• Exercise prompt:
Would you set down the data below exactly as shown?
---+---
lemma Cplus_inner_bounds:
  assumes "norm \<theta> = 1" "y \<in> Cplus \<Omega> \<theta> \<delta>"
  shows "y \<in> closure \<Omega>" "support_fun \<Omega> \<theta> - \<delta> \<le> y \<bullet> \<theta>" "y \<bullet> \<theta> \<le> support_fun \<Omega> \<theta>"
proof -
  show y: "y \<in> closure \<Omega>" using assms(2) frontier_dom unfolding Cplus_def by blast
  show "y \<bullet> \<theta> \<le> support_fun \<Omega> \<theta>" using inner_le_support_fun[OF y] .
  have line: "lplus \<Omega> \<theta> = {w. w \<bullet> \<theta> = support_fun \<Omega> \<theta>}" by (rule lplus_eq[OF assms(1)])
  then have "support_fun \<Omega> \<theta> *\<^sub>R \<theta> \<in> lplus \<Omega> \<theta>" using assms(1) by (simp add: norm_eq_1)
  then have nonempty: "lplus \<Omega> \<theta> \<noteq> {}" by blast
  have "support_fun \<Omega> \<theta> - y \<bullet> \<theta> \<le> infdist y (lplus \<Omega> \<theta>)"
    unfolding infdist_notempty[OF nonempty]
  proof (rule cINF_greatest[OF nonempty])
    fix w assume "w \<in> lplus \<Omega> \<theta>"
    then have "w \<bullet> \<theta> = support_fun \<Omega> \<theta>" using line by blast
    moreover have "\<bar>(w - y) \<bullet> \<theta>\<bar> \<le> norm (w - y) * norm \<theta>" by (rule Cauchy_Schwarz_ineq2)
    ultimately show "support_fun \<Omega> \<theta> - y \<bullet> \<theta> \<le> dist y w"
      using assms(1) by (simp add: inner_diff_left dist_norm norm_minus_commute)
  qed
  moreover have "infdist y (lplus \<Omega> \<theta>) \<le> \<delta>" using assms(2) unfolding Cplus_def by blast
  ultimately show "support_fun \<Omega> \<theta> - \<delta> \<le> y \<bullet> \<theta>" by simp
qed

lemma closure_dom_bounded: "\<exists>D\<ge>0. \<forall>z\<in>closure \<Omega>. norm z \<le> D"
proof -
  obtain D where D: "\<forall>z\<in>closure \<Omega>. norm z \<le> D"
    using compact_imp_bounded[OF compact_closure_dom] bounded_iff by blast
  moreover have "0 \<le> D" using D zero_in_dom closure_subset by force
  ultimately show ?thesis by blast
qed
lemma tensor_sum_eq_0_if_independent_coeffs:
  assumes "finite Ix"
    and independent: "\<And>\<beta>. (\<Sum>i\<in>Ix. iota (\<beta> i) * \<mu> i) = 0 \<Longrightarrow> \<forall>i\<in>Ix. \<beta> i = 0"
    and "tensor_sum Ix \<mu> b = 0"
  shows "\<forall>i\<in>Ix. b i = 0"
proof -
  obtain B where B: "B \<subseteq> b ` Ix" "A.independent B" "b ` Ix \<subseteq> A.span B"
    by (meson A.basis_exists)
  have "finite B" using finite_subset[OF B(1) finite_imageI[OF assms(1)]] .
  have "\<forall>i\<in>Ix. \<exists>\<beta>. b i = (\<Sum>e\<in>B. scale (\<beta> e) e)"
    using B(3) unfolding A.span_finite[OF \<open>finite B\<close>] by blast
  then obtain \<beta> where \<beta>: "\<forall>i\<in>Ix. b i = (\<Sum>e\<in>B. scale (\<beta> i e) e)" by (rule bchoice[THEN exE])
  have inj: "inj_on phi B" and indep: "T.independent (phi ` B)"
    using independent_phi[OF B(2)] by blast+
  define u where "u e = (\<Sum>i\<in>Ix. \<mu> i * iota (\<beta> i e))" for e
  have "tensor_sum Ix \<mu> b = (\<Sum>i\<in>Ix. tscale (\<mu> i) (phi (\<Sum>e\<in>B. scale (\<beta> i e) e)))"
    unfolding tensor_sum_def using \<beta> by (intro sum.cong) auto
  also have "\<dots> = (\<Sum>i\<in>Ix. \<Sum>e\<in>B. tscale (\<mu> i * iota (\<beta> i e)) (phi e))"
    by (simp add: phi_sum phi_scale T.scale_sum_right)
  also have "\<dots> = (\<Sum>e\<in>B. \<Sum>i\<in>Ix. tscale (\<mu> i * iota (\<beta> i e)) (phi e))"
    by (rule sum.swap)
  also have "\<dots> = (\<Sum>e\<in>B. tscale (u e) (phi e))"
    by (simp add: u_def T.scale_sum_left)
  also have "\<dots> = (\<Sum>v\<in>phi ` B. tscale (u (the_inv_into B phi v)) v)"
    by (simp add: sum.reindex[OF inj] the_inv_into_f_f[OF inj])
  finally have "(\<Sum>v\<in>phi ` B. tscale (u (the_inv_into B phi v)) v) = 0"
    using assms(3) by simp
  then have "u (the_inv_into B phi (phi e)) = 0" if "e \<in> B" for e
    using T.independentD[OF indep finite_imageI[OF \<open>finite B\<close>] subset_refl,
        where u = "\<lambda>v. u (the_inv_into B phi v)"] that by blast
  then have "u e = 0" if "e \<in> B" for e
    using that by (simp add: the_inv_into_f_f[OF inj])
  then have "\<beta> i e = 0" if "i \<in> Ix" "e \<in> B" for i e
    using independent[of "\<lambda>i. \<beta> i e"] that unfolding u_def by (simp add: mult.commute)
  then show ?thesis using \<beta> by simp
qed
---+---
• Response:
lemma Cplus_inner_bounds:
  assumes "norm \<theta> = 1" "y \<in> Cplus \<Omega> \<theta> \<delta>"
  shows "y \<in> closure \<Omega>" "support_fun \<Omega> \<theta> - \<delta> \<le> y \<bullet> \<theta>" "y \<bullet> \<theta> \<le> support_fun \<Omega> \<theta>"
proof -
  show y: "y \<in> closure \<Omega>" using assms(2) frontier_dom unfolding Cplus_def by blast
  show "y \<bullet> \<theta> \<le> support_fun \<Omega> \<theta>" using inner_le_support_fun[OF y] .
  have line: "lplus \<Omega> \<theta> = {w. w \<bullet> \<theta> = support_fun \<Omega> \<theta>}" by (rule lplus_eq[OF assms(1)])
  then have "support_fun \<Omega> \<theta> *\<^sub>R \<theta> \<in> lplus \<Omega> \<theta>" using assms(1) by (simp add: norm_eq_1)
  then have nonempty: "lplus \<Omega> \<theta> \<noteq> {}" by blast
  have "support_fun \<Omega> \<theta> - y \<bullet> \<theta> \<le> infdist y (lplus \<Omega> \<theta>)"
    unfolding infdist_notempty[OF nonempty]
  proof (rule cINF_greatest[OF nonempty])
    fix w assume "w \<in> lplus \<Omega> \<theta>"
    then have "w \<bullet> \<theta> = support_fun \<Omega> \<theta>" using line by blast
    moreover have "\<bar>(w - y) \<bullet> \<theta>\<bar> \<le> norm (w - y) * norm \<theta>" by (rule Cauchy_Schwarz_ineq2)
    ultimately show "support_fun \<Omega> \<theta> - y \<bullet> \<theta> \<le> dist y w"
      using assms(1) by (simp add: inner_diff_left dist_norm norm_minus_commute)
  qed
  moreover have "infdist y (lplus \<Omega> \<theta>) \<le> \<delta>" using assms(2) unfolding Cplus_def by blast
  ultimately show "support_fun \<Omega> \<theta> - \<delta> \<le> y \<bullet> \<theta>" by simp
qed

lemma closure_dom_bounded: "\<exists>D\<ge>0. \<forall>z\<in>closure \<Omega>. norm z \<le> D"
proof -
  obtain D where D: "\<forall>z\<in>closure \<Omega>. norm z \<le> D"
    using compact_imp_bounded[OF compact_closure_dom] bounded_iff by blast
  moreover have "0 \<le> D" using D zero_in_dom closure_subset by force
  ultimately show ?thesis by blast
qed
lemma tensor_sum_eq_0_if_independent_coeffs:
  assumes "finite Ix"
    and independent: "\<And>\<beta>. (\<Sum>i\<in>Ix. iota (\<beta> i) * \<mu> i) = 0 \<Longrightarrow> \<forall>i\<in>Ix. \<beta> i = 0"
    and "tensor_sum Ix \<mu> b = 0"
  shows "\<forall>i\<in>Ix. b i = 0"
proof -
  obtain B where B: "B \<subseteq> b ` Ix" "A.independent B" "b ` Ix \<subseteq> A.span B"
    by (meson A.basis_exists)
  have "finite B" using finite_subset[OF B(1) finite_imageI[OF assms(1)]] .
  have "\<forall>i\<in>Ix. \<exists>\<beta>. b i = (\<Sum>e\<in>B. scale (\<beta> e) e)"
    using B(3) unfolding A.span_finite[OF \<open>finite B\<close>] by blast
  then obtain \<beta> where \<beta>: "\<forall>i\<in>Ix. b i = (\<Sum>e\<in>B. scale (\<beta> i e) e)" by (rule bchoice[THEN exE])
  have inj: "inj_on phi B" and indep: "T.independent (phi ` B)"
    using independent_phi[OF B(2)] by blast+
  define u where "u e = (\<Sum>i\<in>Ix. \<mu> i * iota (\<beta> i e))" for e
  have "tensor_sum Ix \<mu> b = (\<Sum>i\<in>Ix. tscale (\<mu> i) (phi (\<Sum>e\<in>B. scale (\<beta> i e) e)))"
    unfolding tensor_sum_def using \<beta> by (intro sum.cong) auto
  also have "\<dots> = (\<Sum>i\<in>Ix. \<Sum>e\<in>B. tscale (\<mu> i * iota (\<beta> i e)) (phi e))"
    by (simp add: phi_sum phi_scale T.scale_sum_right)
  also have "\<dots> = (\<Sum>e\<in>B. \<Sum>i\<in>Ix. tscale (\<mu> i * iota (\<beta> i e)) (phi e))"
    by (rule sum.swap)
  also have "\<dots> = (\<Sum>e\<in>B. tscale (u e) (phi e))"
    by (simp add: u_def T.scale_sum_left)
  also have "\<dots> = (\<Sum>v\<in>phi ` B. tscale (u (the_inv_into B phi v)) v)"
    by (simp add: sum.reindex[OF inj] the_inv_into_f_f[OF inj])
  finally have "(\<Sum>v\<in>phi ` B. tscale (u (the_inv_into B phi v)) v) = 0"
    using assms(3) by simp
  then have "u (the_inv_into B phi (phi e)) = 0" if "e \<in> B" for e
    using T.independentD[OF indep finite_imageI[OF \<open>finite B\<close>] subset_refl,
        where u = "\<lambda>v. u (the_inv_into B phi v)"] that by blast
  then have "u e = 0" if "e \<in> B" for e
    using that by (simp add: the_inv_into_f_f[OF inj])
  then have "\<beta> i e = 0" if "i \<in> Ix" "e \<in> B" for i e
    using independent[of "\<lambda>i. \<beta> i e"] that unfolding u_def by (simp add: mult.commute)
  then show ?thesis using \<beta> by simp
qed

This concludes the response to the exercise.